Stored data
------------------------

section \<open>Linear relations between the counts\<close>

text \<open>Here \<open>n1\<close>, ..., \<open>n4\<close> count the vertices of degree 1 to 4, \<open>pij\<close> stands for
  \<open>adj_count V E i j\<close> (so \<open>p22\<close>, \<open>p33\<close>, \<open>p44\<close> are twice edge counts), \<open>M\<close> is the Zagreb index,
  and \<open>eB\<close> and \<open>eF\<close> count the edges induced by the branching vertices and by the vertices of
  degree 4.\<close>

locale zagreb_counts =
  fixes n b n1 n2 n3 n4 p12 p13 p14 p22 p23 p24 p33 p34 p44 M eB eF :: int
  assumes vertices: "n = n1 + n2 + n3 + n4" and branching: "b = n3 + n4"
    and row1: "n1 = p12 + p13 + p14"
    and row2: "2 * n2 = p12 + p22 + p23 + p24"
    and row3: "3 * n3 = p13 + p23 + p33 + p34"
    and row4: "4 * n4 = p14 + p24 + p34 + p44"
    and handshake: "n1 + 2 * n2 + 3 * n3 + 4 * n4 = 2 * n - 2"
    and zagreb: "2 * M = 4 * p12 + 6 * p13 + 8 * p14 + 4 * p22 + 12 * p23 + 16 * p24
      + 9 * p33 + 24 * p34 + 16 * p44"
    and deg4_edges: "2 * eF = p44" and branching_edges: "2 * eB = p33 + 2 * p34 + p44"
    and branching_forest: "eB + 1 \<le> b" and deg4_forest: "n4 \<ge> 1 \<Longrightarrow> eF + 1 \<le> n4"
    and nonneg: "n1 \<ge> 0" "n2 \<ge> 0" "n3 \<ge> 0" "n4 \<ge> 0" "p12 \<ge> 0" "p13 \<ge> 0" "p14 \<ge> 0"
      "p22 \<ge> 0" "p23 \<ge> 0" "p24 \<ge> 0" "p33 \<ge> 0" "p34 \<ge> 0" "p44 \<ge> 0" "eF \<ge> 0" "eB \<ge> 0"
    and b_less: "2 * b < n - 2"
begin

lemma leaves: "n1 = n3 + 2 * n4 + 2"
  using vertices handshake by linarith
(* If $P\subset\mathbb R^d$ is a rational $d$-polytope with $N(P)=-N(P)$, then $\Lambda_P=\Delta_P$, i.e. every upper region of $\Lambda_P$ is an open cell of $\Delta_P$ and conversely.
   Context: A rational $d$-polytope has a unique irredundant presentation $P=\bigcap_{i=1}^m\{\bm x:(\bm a_i,\bm x)\ge b_i\}$ with $(\bm a_i,b_i)\in\mathbb Z^{d+1}$ primitive; $N(P)=\{\bm a_1,\dots,\bm a_m\}$. Upper regions: nonempty sets $U_{\bm c}=\{\bm x: c_i-1<(\bm a_i,\bm x)\le c_i\ \forall i\}$, $\bm c\in\mathbb Z^m$; $\Lambda_P$ is the set of them. $\Delta_P$: the open cells of the arrangement $\{(\bm a_i,\bm x)=k: i\le m, k\in\mathbb Z\}$, i.e. nonempty sets $A_1\cap\cdots\cap A_m$ with each $A_i$ either $\{(\bm a_i,\bm x)=k\}$ or $\{k<(\bm a_i,\bm x)<k+1\}$, $k\in\mathbb Z$. *)

theory Defs
  imports "HOL-Analysis.Analysis"
begin

definition rvec :: "int^'n \<Rightarrow> real^'n" where
  "rvec v = (\<chi> j. real_of_int (v $ j))"

definition primitive_pair :: "int^'n \<Rightarrow> int \<Rightarrow> bool" where
  "primitive_pair a b \<longleftrightarrow> (\<forall>k::int. (\<forall>j. k dvd a $ j) \<and> k dvd b \<longrightarrow> \<bar>k\<bar> = 1)"

definition irredundant_presentation ::
  "(real^'n) set \<Rightarrow> nat \<Rightarrow> (nat \<Rightarrow> int^'n) \<Rightarrow> (nat \<Rightarrow> int) \<Rightarrow> bool" where
  "irredundant_presentation P m a b \<longleftrightarrow>
     P = {x. \<forall>i<m. rvec (a i) \<bullet> x \<ge> real_of_int (b i)} \<and>
     (\<forall>i<m. primitive_pair (a i) (b i)) \<and>
     (\<forall>j<m. {x. \<forall>i<m. i \<noteq> j \<longrightarrow> rvec (a i) \<bullet> x \<ge> real_of_int (b i)} \<noteq> P)"

definition rational_polytope_pres ::
  "(real^'n) set \<Rightarrow> nat \<Rightarrow> (nat \<Rightarrow> int^'n) \<Rightarrow> (nat \<Rightarrow> int) \<Rightarrow> bool" where
  "rational_polytope_pres P m a b \<longleftrightarrow>
     irredundant_presentation P m a b \<and> bounded P \<and> aff_dim P = int CARD('n)"

definition normals :: "nat \<Rightarrow> (nat \<Rightarrow> int^'n) \<Rightarrow> (int^'n) set" where
  "normals m a = a ` {..<m}"

text \<open>Upper regions U_c, c in Z^m (only c_0..c_(m-1) matter).\<close>
definition upper_region :: "nat \<Rightarrow> (nat \<Rightarrow> int^'n) \<Rightarrow> (nat \<Rightarrow> int) \<Rightarrow> (real^'n) set" where
  "upper_region m a c =
     {x. \<forall>i<m. real_of_int (c i) - 1 < rvec (a i) \<bullet> x \<and> rvec (a i) \<bullet> x \<le> real_of_int (c i)}"

definition Lambda_P :: "nat \<Rightarrow> (nat \<Rightarrow> int^'n) \<Rightarrow> (real^'n) set set" where
  "Lambda_P m a = {U. \<exists>c. U = upper_region m a c \<and> U \<noteq> {}}"

definition arr_cell :: "nat \<Rightarrow> (nat \<Rightarrow> int^'n) \<Rightarrow> (nat \<Rightarrow> bool) \<Rightarrow> (nat \<Rightarrow> int) \<Rightarrow> (real^'n) set" where
  "arr_cell m a e k =
     {x. \<forall>i<m. (if e i then rvec (a i) \<bullet> x = real_of_int (k i)
                else real_of_int (k i) < rvec (a i) \<bullet> x \<and> rvec (a i) \<bullet> x < real_of_int (k i) + 1)}"

definition Delta_P :: "nat \<Rightarrow> (nat \<Rightarrow> int^'n) \<Rightarrow> (real^'n) set set" where
  "Delta_P m a = {A. \<exists>e k. A = arr_cell m a e k \<and> A \<noteq> {}}"

end

theory Submission
  imports Defs
begin

text \<open>Pair every normal \<open>a\<^sub>i\<close> with an opposite normal \<open>a\<^sub>j = -a\<^sub>i\<close>. The two constraints
  \<open>c\<^sub>i - 1 < t \<le> c\<^sub>i\<close> and \<open>c\<^sub>j - 1 < -t \<le> c\<^sub>j\<close> cut out either the point \<open>c\<^sub>i\<close> (when \<open>c\<^sub>i + c\<^sub>j = 0\<close>)
  or the open interval \<open>(c\<^sub>i - 1, c\<^sub>i)\<close> (when \<open>c\<^sub>i + c\<^sub>j = 1\<close>), so every upper region is an
  open cell of the arrangement. Conversely, upper regions cover the space and open cells
  sharing a point coincide, so every open cell is one of the upper regions.\<close>

lemma inner_rvec_uminus: "rvec (- v) \<bullet> x = - (rvec v \<bullet> x)"
  by (simp add: rvec_def vec_eq_iff inner_vec_def sum_negf)

lemma half_open_inter_reflected:
  fixes c c' :: int and t :: real
  assumes "real_of_int c - 1 < t" "t \<le> real_of_int c"
    and "real_of_int c' - 1 < - t" "- t \<le> real_of_int c'"
  shows "if c + c' = 0 then t = real_of_int c
         else real_of_int c - 1 < t \<and> t < real_of_int c"
proof -
  have "0 \<le> real_of_int (c + c')" "real_of_int (c + c') < 2"
    using assms by simp_all
  then have "c + c' = 0 \<or> c + c' = 1"
    by linarith
  then show ?thesis
    using assms by (auto simp: eq_diff_eq)
qed

lemma opposite_normals_index:
  assumes "normals m a = uminus ` normals m a"
  obtains J where "\<And>i. i < m \<Longrightarrow> J i < m \<and> a (J i) = - a i"
proof -
  have "\<exists>j<m. a j = - a i" if "i < m" for i
  proof -
    have "a i \<in> uminus ` normals m a"
      using assms that by (simp add: normals_def)
    then show ?thesis
      by (auto simp: normals_def)
  qed
  then show ?thesis
    using that by metis
qed

lemma upper_region_eq_arr_cell:
  assumes J: "\<And>i. i < m \<Longrightarrow> J i < m \<and> a (J i) = - a i"
  shows "upper_region m a c =
           arr_cell m a (\<lambda>i. c i + c (J i) = 0) (\<lambda>i. if c i + c (J i) = 0 then c i else c i - 1)"
  (is "_ = arr_cell m a ?e ?k")
proof (intro set_eqI iffI)
  fix x assume "x \<in> upper_region m a c"
  then have x_bounds: "real_of_int (c j) - 1 < rvec (a j) \<bullet> x \<and> rvec (a j) \<bullet> x \<le> real_of_int (c j)"
    if "j < m" for j
    using that unfolding upper_region_def by blast
  show "x \<in> arr_cell m a ?e ?k"
    unfolding arr_cell_def
  proof (intro CollectI allI impI)
    fix i assume i: "i < m"
    have "rvec (a (J i)) \<bullet> x = - (rvec (a i) \<bullet> x)"
      using J[OF i] by (simp add: inner_rvec_uminus)
    then have "real_of_int (c i) - 1 < rvec (a i) \<bullet> x" "rvec (a i) \<bullet> x \<le> real_of_int (c i)"
      "real_of_int (c (J i)) - 1 < - (rvec (a i) \<bullet> x)" "- (rvec (a i) \<bullet> x) \<le> real_of_int (c (J i))"
      using x_bounds[OF i] x_bounds[of "J i"] J[OF i] by auto
    then have "if c i + c (J i) = 0 then rvec (a i) \<bullet> x = real_of_int (c i)
        else real_of_int (c i) - 1 < rvec (a i) \<bullet> x \<and> rvec (a i) \<bullet> x < real_of_int (c i)"
      by (rule half_open_inter_reflected)
    then show "if ?e i then rvec (a i) \<bullet> x = real_of_int (?k i)
        else real_of_int (?k i) < rvec (a i) \<bullet> x \<and> rvec (a i) \<bullet> x < real_of_int (?k i) + 1"
      by simp
  qed
next
  fix x assume x: "x \<in> arr_cell m a ?e ?k"
  show "x \<in> upper_region m a c"
    unfolding upper_region_def
  proof (intro CollectI allI impI)
    fix i assume "i < m"
    with x have "if ?e i then rvec (a i) \<bullet> x = real_of_int (?k i)
        else real_of_int (?k i) < rvec (a i) \<bullet> x \<and> rvec (a i) \<bullet> x < real_of_int (?k i) + 1"
      unfolding arr_cell_def by blast
    then show "real_of_int (c i) - 1 < rvec (a i) \<bullet> x \<and> rvec (a i) \<bullet> x \<le> real_of_int (c i)"
      by (cases "?e i") simp_all
  qed
qed

lemma mem_upper_region_ceiling: "x \<in> upper_region m a (\<lambda>i. \<lceil>rvec (a i) \<bullet> x\<rceil>)"
  by (simp add: upper_region_def ceiling_correct)

lemma unit_cell_unique:
  fixes k k' :: int and t :: real
  assumes "if e then t = real_of_int k else real_of_int k < t \<and> t < real_of_int k + 1"
    and "if e' then t = real_of_int k' else real_of_int k' < t \<and> t < real_of_int k' + 1"
  shows "e = e' \<and> k = k'"
proof -
  have "\<lfloor>t\<rfloor> = k" "\<lfloor>t\<rfloor> = k'"
    using assms by (auto simp: floor_eq_iff split: if_splits)
  moreover have "e \<longleftrightarrow> t \<in> \<int>" "e' \<longleftrightarrow> t \<in> \<int>"
    using assms by (auto simp: floor_eq_iff split: if_splits elim!: Ints_cases)
  ultimately show ?thesis
    by simp
qed

lemma arr_cell_eq_if_common_point:
  assumes "x \<in> arr_cell m a e k" "x \<in> arr_cell m a e' k'"
  shows "arr_cell m a e k = arr_cell m a e' k'"
proof -
  have "e i = e' i \<and> k i = k' i" if "i < m" for i
  proof (rule unit_cell_unique)
    show "if e i then rvec (a i) \<bullet> x = real_of_int (k i)
        else real_of_int (k i) < rvec (a i) \<bullet> x \<and> rvec (a i) \<bullet> x < real_of_int (k i) + 1"
      using assms(1) that unfolding arr_cell_def by blast
    show "if e' i then rvec (a i) \<bullet> x = real_of_int (k' i)
        else real_of_int (k' i) < rvec (a i) \<bullet> x \<and> rvec (a i) \<bullet> x < real_of_int (k' i) + 1"
      using assms(2) that unfolding arr_cell_def by blast
  qed
  then show ?thesis
    unfolding arr_cell_def by simp
qed

theorem mainTheorem6:
  fixes P :: "(real^'n) set" and m :: nat and a :: "nat \<Rightarrow> int^'n" and b :: "nat \<Rightarrow> int"
  assumes "rational_polytope_pres P m a b"
    and "normals m a = uminus ` normals m a"
  shows "Lambda_P m a = Delta_P m a"
proof -
  obtain J where J: "\<And>i. i < m \<Longrightarrow> J i < m \<and> a (J i) = - a i"
    using opposite_normals_index[OF assms(2)] by blast
  have Lambda_sub: "Lambda_P m a \<subseteq> Delta_P m a"
  proof
    fix U assume "U \<in> Lambda_P m a"
    then obtain c where "U = upper_region m a c" "U \<noteq> {}"
      by (auto simp: Lambda_P_def)
    then show "U \<in> Delta_P m a"
      unfolding Delta_P_def using upper_region_eq_arr_cell[OF J, of c] by blast
  qed
  moreover have "A \<in> Lambda_P m a" if "A \<in> Delta_P m a" for A
  proof -
    obtain e k x where A: "A = arr_cell m a e k" and x: "x \<in> A"
      using \<open>A \<in> Delta_P m a\<close> by (auto simp: Delta_P_def)
    define U where "U = upper_region m a (\<lambda>i. \<lceil>rvec (a i) \<bullet> x\<rceil>)"
    have "x \<in> U" "U \<in> Lambda_P m a"
      using mem_upper_region_ceiling by (auto simp: U_def Lambda_P_def)
    then obtain e' k' where "U = arr_cell m a e' k'"
      using Lambda_sub unfolding Delta_P_def by blast
    then have "A = U"
      using A x \<open>x \<in> U\<close> arr_cell_eq_if_common_point by blast
    with \<open>U \<in> Lambda_P m a\<close> show ?thesis
      by simp
  qed
  ultimately show ?thesis
    by blast
qed

end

------------------------

▶ **What is expected**
Up to and including the line with "using vertices handshake by linarith", print every line of the records from the start.

▶ **Written response**
section \<open>Linear relations between the counts\<close>

text \<open>Here \<open>n1\<close>, ..., \<open>n4\<close> count the vertices of degree 1 to 4, \<open>pij\<close> stands for
  \<open>adj_count V E i j\<close> (so \<open>p22\<close>, \<open>p33\<close>, \<open>p44\<close> are twice edge counts), \<open>M\<close> is the Zagreb index,
  and \<open>eB\<close> and \<open>eF\<close> count the edges induced by the branching vertices and by the vertices of
  degree 4.\<close>

locale zagreb_counts =
  fixes n b n1 n2 n3 n4 p12 p13 p14 p22 p23 p24 p33 p34 p44 M eB eF :: int
  assumes vertices: "n = n1 + n2 + n3 + n4" and branching: "b = n3 + n4"
    and row1: "n1 = p12 + p13 + p14"
    and row2: "2 * n2 = p12 + p22 + p23 + p24"
    and row3: "3 * n3 = p13 + p23 + p33 + p34"
    and row4: "4 * n4 = p14 + p24 + p34 + p44"
    and handshake: "n1 + 2 * n2 + 3 * n3 + 4 * n4 = 2 * n - 2"
    and zagreb: "2 * M = 4 * p12 + 6 * p13 + 8 * p14 + 4 * p22 + 12 * p23 + 16 * p24
      + 9 * p33 + 24 * p34 + 16 * p44"
    and deg4_edges: "2 * eF = p44" and branching_edges: "2 * eB = p33 + 2 * p34 + p44"
    and branching_forest: "eB + 1 \<le> b" and deg4_forest: "n4 \<ge> 1 \<Longrightarrow> eF + 1 \<le> n4"
    and nonneg: "n1 \<ge> 0" "n2 \<ge> 0" "n3 \<ge> 0" "n4 \<ge> 0" "p12 \<ge> 0" "p13 \<ge> 0" "p14 \<ge> 0"
      "p22 \<ge> 0" "p23 \<ge> 0" "p24 \<ge> 0" "p33 \<ge> 0" "p34 \<ge> 0" "p44 \<ge> 0" "eF \<ge> 0" "eB \<ge> 0"
    and b_less: "2 * b < n - 2"
begin

lemma leaves: "n1 = n3 + 2 * n4 + 2"
  using vertices handshake by linarith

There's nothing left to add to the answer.